**What to do:**
Select, from the data, each line where "assumes" occurs.

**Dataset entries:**
____

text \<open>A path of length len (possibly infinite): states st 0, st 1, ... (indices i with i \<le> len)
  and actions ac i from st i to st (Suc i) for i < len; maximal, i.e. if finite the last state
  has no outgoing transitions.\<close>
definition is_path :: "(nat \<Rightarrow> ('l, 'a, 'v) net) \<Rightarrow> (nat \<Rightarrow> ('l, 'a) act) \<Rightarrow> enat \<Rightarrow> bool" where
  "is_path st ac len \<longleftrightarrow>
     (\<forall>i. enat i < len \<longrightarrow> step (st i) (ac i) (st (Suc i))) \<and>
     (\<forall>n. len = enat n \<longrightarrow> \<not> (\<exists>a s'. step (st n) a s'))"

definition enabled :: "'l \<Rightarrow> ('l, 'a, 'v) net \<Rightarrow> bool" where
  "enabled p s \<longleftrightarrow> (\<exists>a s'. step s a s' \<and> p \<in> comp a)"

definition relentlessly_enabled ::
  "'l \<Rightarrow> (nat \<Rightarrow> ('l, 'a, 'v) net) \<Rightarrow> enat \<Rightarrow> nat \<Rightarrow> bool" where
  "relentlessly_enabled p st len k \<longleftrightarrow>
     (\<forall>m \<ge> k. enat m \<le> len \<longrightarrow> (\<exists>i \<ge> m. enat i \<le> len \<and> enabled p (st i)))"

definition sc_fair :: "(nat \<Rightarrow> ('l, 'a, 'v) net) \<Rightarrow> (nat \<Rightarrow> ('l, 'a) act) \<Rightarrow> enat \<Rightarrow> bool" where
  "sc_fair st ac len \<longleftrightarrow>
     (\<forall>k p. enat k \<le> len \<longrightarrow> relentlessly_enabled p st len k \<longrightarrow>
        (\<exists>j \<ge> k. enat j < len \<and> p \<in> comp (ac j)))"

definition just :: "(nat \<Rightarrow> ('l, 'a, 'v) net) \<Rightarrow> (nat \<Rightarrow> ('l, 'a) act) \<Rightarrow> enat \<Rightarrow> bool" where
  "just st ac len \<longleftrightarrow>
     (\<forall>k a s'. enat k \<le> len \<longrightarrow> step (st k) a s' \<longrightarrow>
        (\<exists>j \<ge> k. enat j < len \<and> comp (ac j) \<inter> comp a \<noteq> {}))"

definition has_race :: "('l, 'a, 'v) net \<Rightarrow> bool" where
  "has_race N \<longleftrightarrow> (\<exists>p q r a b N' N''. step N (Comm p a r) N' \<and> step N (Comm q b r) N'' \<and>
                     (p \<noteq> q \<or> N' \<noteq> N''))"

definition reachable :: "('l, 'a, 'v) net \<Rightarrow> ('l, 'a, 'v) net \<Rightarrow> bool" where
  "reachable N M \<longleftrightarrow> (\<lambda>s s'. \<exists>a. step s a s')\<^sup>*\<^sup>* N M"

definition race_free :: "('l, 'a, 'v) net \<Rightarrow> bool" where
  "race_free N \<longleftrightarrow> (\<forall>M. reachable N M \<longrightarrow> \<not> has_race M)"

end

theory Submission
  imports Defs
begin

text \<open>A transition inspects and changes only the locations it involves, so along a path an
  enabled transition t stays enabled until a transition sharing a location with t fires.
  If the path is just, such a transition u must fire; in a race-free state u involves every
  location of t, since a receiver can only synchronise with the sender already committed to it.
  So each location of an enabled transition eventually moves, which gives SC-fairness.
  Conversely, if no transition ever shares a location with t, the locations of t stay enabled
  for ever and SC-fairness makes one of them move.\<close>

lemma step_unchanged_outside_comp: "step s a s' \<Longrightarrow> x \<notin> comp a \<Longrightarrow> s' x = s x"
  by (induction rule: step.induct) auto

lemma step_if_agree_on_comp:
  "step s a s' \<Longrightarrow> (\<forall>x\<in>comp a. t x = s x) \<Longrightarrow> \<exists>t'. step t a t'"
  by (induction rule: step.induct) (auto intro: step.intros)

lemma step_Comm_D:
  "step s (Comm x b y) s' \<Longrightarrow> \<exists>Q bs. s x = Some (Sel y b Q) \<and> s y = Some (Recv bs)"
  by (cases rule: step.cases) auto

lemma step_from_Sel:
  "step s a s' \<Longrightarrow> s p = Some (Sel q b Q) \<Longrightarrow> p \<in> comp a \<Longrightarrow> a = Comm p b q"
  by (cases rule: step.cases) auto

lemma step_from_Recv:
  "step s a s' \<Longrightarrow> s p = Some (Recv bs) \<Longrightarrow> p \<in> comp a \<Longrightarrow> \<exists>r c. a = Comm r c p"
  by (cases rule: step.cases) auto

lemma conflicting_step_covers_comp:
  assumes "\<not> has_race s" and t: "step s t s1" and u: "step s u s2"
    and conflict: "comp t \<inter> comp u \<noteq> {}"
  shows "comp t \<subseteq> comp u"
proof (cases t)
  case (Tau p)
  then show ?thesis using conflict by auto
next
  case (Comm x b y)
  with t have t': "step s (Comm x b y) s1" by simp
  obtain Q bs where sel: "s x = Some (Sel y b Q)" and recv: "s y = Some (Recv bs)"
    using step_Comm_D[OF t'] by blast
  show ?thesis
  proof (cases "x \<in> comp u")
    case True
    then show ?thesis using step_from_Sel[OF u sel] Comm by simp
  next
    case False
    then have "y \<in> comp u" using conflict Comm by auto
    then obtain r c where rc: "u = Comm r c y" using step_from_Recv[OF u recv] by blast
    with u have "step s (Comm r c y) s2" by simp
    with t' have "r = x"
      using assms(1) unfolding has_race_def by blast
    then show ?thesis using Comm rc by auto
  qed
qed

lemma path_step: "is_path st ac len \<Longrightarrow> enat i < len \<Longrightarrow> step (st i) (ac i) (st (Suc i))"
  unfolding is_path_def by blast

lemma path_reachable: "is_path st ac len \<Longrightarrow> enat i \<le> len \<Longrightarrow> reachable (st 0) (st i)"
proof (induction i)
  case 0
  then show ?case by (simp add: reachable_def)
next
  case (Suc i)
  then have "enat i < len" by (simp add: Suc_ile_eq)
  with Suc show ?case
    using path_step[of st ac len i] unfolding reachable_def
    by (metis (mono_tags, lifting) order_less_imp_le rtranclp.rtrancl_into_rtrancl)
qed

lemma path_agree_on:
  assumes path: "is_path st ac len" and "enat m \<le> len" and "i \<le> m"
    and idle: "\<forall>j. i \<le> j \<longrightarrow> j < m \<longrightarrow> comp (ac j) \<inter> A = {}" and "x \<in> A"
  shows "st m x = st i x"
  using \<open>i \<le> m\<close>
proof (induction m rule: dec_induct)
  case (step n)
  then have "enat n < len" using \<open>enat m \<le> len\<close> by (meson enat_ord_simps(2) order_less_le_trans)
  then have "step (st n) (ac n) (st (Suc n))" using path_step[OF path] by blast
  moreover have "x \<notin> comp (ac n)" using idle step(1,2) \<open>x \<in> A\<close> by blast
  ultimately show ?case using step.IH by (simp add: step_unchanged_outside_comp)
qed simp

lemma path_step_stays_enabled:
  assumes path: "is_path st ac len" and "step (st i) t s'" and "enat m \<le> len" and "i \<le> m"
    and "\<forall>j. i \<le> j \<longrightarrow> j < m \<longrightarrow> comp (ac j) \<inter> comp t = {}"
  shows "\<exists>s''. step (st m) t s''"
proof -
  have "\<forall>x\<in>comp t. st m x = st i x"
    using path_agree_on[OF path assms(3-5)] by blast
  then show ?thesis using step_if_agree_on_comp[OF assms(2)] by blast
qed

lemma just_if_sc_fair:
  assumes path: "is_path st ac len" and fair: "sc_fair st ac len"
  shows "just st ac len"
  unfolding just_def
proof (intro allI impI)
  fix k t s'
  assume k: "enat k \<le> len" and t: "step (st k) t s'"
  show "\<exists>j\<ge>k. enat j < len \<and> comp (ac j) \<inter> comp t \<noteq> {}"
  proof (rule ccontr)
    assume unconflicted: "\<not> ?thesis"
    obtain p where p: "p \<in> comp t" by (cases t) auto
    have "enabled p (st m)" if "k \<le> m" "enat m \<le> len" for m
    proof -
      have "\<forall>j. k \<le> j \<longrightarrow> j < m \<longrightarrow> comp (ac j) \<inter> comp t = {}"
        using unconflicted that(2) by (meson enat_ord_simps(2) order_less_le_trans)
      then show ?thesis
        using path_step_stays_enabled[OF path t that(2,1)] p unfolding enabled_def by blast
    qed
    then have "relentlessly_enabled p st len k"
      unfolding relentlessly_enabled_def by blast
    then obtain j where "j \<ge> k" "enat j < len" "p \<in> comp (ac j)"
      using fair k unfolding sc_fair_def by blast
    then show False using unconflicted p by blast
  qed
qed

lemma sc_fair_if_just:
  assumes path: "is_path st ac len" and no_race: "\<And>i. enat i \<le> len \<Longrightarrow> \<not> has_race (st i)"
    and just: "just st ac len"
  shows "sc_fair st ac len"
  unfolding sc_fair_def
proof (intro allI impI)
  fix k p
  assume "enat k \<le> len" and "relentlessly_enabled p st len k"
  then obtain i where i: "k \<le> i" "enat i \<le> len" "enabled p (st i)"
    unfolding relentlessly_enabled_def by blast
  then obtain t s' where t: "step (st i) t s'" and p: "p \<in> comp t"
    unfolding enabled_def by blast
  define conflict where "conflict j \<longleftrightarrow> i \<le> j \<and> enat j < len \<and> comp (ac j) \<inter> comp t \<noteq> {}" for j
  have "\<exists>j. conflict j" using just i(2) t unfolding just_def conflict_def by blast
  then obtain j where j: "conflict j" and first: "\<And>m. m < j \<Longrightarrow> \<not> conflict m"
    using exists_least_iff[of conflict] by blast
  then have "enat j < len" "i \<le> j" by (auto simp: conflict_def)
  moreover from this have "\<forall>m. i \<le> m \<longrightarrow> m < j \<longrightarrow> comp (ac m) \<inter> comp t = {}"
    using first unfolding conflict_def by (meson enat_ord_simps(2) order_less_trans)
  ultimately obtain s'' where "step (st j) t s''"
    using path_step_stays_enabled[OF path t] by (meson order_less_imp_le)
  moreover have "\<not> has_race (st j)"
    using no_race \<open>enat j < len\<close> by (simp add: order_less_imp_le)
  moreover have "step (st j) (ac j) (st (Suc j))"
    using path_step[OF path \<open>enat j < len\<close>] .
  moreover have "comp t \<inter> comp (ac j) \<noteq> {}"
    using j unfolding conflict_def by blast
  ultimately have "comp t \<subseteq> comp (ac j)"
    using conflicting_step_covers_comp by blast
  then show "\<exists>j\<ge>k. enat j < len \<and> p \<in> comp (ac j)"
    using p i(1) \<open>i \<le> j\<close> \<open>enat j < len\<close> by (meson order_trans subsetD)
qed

____

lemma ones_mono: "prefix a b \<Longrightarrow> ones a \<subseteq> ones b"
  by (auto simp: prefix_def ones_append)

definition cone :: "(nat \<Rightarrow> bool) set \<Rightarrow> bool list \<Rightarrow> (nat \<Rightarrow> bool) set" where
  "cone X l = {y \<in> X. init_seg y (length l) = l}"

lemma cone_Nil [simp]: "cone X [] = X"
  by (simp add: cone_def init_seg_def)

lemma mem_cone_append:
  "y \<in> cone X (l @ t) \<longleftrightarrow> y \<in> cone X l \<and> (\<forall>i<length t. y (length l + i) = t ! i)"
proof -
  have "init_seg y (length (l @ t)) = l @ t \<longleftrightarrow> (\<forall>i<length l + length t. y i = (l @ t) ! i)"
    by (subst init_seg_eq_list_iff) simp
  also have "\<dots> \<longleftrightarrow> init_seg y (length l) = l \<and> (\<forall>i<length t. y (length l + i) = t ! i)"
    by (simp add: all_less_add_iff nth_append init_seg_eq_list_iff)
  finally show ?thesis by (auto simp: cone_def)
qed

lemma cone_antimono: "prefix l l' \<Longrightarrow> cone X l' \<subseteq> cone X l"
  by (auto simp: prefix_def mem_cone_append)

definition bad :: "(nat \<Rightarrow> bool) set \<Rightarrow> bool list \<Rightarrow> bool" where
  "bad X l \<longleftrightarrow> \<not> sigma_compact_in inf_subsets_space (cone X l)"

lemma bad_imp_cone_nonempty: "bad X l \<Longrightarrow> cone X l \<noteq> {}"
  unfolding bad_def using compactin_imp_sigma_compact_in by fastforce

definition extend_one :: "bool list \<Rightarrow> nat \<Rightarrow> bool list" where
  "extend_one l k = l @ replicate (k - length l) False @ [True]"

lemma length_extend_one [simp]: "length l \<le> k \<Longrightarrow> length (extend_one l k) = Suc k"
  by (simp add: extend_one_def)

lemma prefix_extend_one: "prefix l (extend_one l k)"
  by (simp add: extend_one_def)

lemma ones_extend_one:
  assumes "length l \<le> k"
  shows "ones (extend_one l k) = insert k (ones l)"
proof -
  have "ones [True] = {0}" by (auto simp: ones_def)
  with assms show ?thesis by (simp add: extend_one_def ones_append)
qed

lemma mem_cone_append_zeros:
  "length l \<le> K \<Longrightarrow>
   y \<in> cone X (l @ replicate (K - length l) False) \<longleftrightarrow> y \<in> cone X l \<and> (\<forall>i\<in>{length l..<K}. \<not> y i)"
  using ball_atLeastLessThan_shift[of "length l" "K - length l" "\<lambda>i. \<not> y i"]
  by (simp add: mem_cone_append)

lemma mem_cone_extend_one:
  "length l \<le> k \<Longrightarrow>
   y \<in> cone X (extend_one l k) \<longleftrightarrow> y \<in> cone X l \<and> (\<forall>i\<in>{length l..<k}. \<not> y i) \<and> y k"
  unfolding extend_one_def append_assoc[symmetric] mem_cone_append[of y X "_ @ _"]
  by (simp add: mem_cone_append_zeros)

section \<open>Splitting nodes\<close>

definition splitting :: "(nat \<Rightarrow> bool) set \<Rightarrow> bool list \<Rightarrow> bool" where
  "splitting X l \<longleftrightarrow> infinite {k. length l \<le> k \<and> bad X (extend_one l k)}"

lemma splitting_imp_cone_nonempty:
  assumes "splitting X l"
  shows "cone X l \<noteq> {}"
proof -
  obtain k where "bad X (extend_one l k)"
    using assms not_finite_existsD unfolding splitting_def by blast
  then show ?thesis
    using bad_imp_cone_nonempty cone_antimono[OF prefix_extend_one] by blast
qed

____

**Response area:**
  assumes "\<not> has_race s" and t: "step s t s1" and u: "step s u s2"
  assumes path: "is_path st ac len" and "enat m \<le> len" and "i \<le> m"
  assumes path: "is_path st ac len" and "step (st i) t s'" and "enat m \<le> len" and "i \<le> m"
  assumes path: "is_path st ac len" and fair: "sc_fair st ac len"
  assumes path: "is_path st ac len" and no_race: "\<And>i. enat i \<le> len \<Longrightarrow> \<not> has_race (st i)"
  assumes "length l \<le> k"
  assumes "splitting X l"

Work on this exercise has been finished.